=== Begin Enclosure ===

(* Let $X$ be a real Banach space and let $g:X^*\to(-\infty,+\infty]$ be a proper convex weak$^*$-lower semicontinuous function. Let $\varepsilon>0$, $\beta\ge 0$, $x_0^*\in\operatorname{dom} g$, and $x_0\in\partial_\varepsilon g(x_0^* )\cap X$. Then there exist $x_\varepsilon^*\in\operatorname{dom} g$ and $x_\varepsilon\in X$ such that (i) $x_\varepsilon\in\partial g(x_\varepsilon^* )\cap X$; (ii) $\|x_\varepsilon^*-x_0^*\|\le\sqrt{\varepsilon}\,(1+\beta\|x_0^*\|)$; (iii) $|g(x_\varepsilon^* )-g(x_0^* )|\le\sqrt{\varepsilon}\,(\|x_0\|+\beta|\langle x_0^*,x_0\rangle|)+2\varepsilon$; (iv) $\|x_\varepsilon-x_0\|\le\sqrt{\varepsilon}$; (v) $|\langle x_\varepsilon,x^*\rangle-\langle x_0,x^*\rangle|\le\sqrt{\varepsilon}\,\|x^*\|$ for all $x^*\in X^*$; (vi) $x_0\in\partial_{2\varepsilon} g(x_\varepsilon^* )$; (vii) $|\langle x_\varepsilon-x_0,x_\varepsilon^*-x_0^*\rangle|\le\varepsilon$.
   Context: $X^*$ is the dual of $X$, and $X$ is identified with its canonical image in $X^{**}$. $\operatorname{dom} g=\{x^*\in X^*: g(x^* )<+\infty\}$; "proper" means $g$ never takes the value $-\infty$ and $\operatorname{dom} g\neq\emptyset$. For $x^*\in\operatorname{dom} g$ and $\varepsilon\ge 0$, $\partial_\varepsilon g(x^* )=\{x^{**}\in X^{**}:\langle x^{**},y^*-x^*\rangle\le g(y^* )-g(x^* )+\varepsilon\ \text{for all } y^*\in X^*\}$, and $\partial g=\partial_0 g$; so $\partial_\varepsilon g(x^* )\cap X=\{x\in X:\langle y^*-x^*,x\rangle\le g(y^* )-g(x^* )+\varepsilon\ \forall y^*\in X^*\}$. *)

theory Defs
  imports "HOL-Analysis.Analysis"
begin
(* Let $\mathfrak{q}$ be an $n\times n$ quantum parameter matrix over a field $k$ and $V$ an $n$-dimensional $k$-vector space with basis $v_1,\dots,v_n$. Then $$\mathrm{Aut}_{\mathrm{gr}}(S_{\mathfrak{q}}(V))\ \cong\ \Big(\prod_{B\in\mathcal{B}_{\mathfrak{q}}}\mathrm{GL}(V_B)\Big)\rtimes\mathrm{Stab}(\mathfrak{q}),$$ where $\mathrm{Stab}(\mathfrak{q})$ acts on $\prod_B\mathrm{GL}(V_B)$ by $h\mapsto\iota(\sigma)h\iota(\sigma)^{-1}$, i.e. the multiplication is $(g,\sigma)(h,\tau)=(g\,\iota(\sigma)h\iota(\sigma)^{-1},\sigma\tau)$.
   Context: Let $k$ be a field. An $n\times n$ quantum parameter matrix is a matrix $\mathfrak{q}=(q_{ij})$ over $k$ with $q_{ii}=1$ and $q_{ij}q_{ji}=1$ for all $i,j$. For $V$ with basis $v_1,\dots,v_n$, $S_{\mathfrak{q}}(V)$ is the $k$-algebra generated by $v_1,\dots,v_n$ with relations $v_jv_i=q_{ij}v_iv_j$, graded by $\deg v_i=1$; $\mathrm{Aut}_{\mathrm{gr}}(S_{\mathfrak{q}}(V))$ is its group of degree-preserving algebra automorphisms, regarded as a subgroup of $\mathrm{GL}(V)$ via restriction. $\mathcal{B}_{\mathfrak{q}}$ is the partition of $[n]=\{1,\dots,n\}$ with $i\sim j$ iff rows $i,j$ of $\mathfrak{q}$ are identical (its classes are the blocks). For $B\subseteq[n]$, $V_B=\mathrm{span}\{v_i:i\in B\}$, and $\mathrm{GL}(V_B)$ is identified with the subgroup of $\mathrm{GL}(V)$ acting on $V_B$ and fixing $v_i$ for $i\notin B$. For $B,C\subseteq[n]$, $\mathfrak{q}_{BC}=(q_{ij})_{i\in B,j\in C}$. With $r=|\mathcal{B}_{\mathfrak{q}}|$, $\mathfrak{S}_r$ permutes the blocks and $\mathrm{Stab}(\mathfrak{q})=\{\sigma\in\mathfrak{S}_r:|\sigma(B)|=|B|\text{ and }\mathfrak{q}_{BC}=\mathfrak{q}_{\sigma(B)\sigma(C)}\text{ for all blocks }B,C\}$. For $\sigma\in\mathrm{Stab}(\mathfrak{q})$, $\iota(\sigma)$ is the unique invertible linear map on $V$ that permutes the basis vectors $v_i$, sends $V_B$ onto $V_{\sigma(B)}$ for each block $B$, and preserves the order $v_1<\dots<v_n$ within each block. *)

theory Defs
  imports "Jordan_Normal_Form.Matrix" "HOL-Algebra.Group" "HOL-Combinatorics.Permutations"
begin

=== End Enclosure ===

### [PROBLEM DETAILS]
Lines of the data above that include the string "imports" must each be copied.

### [SOLUTION TO THIS EXERCISE]
  imports "HOL-Analysis.Analysis"
  imports "Jordan_Normal_Form.Matrix" "HOL-Algebra.Group" "HOL-Combinatorics.Permutations"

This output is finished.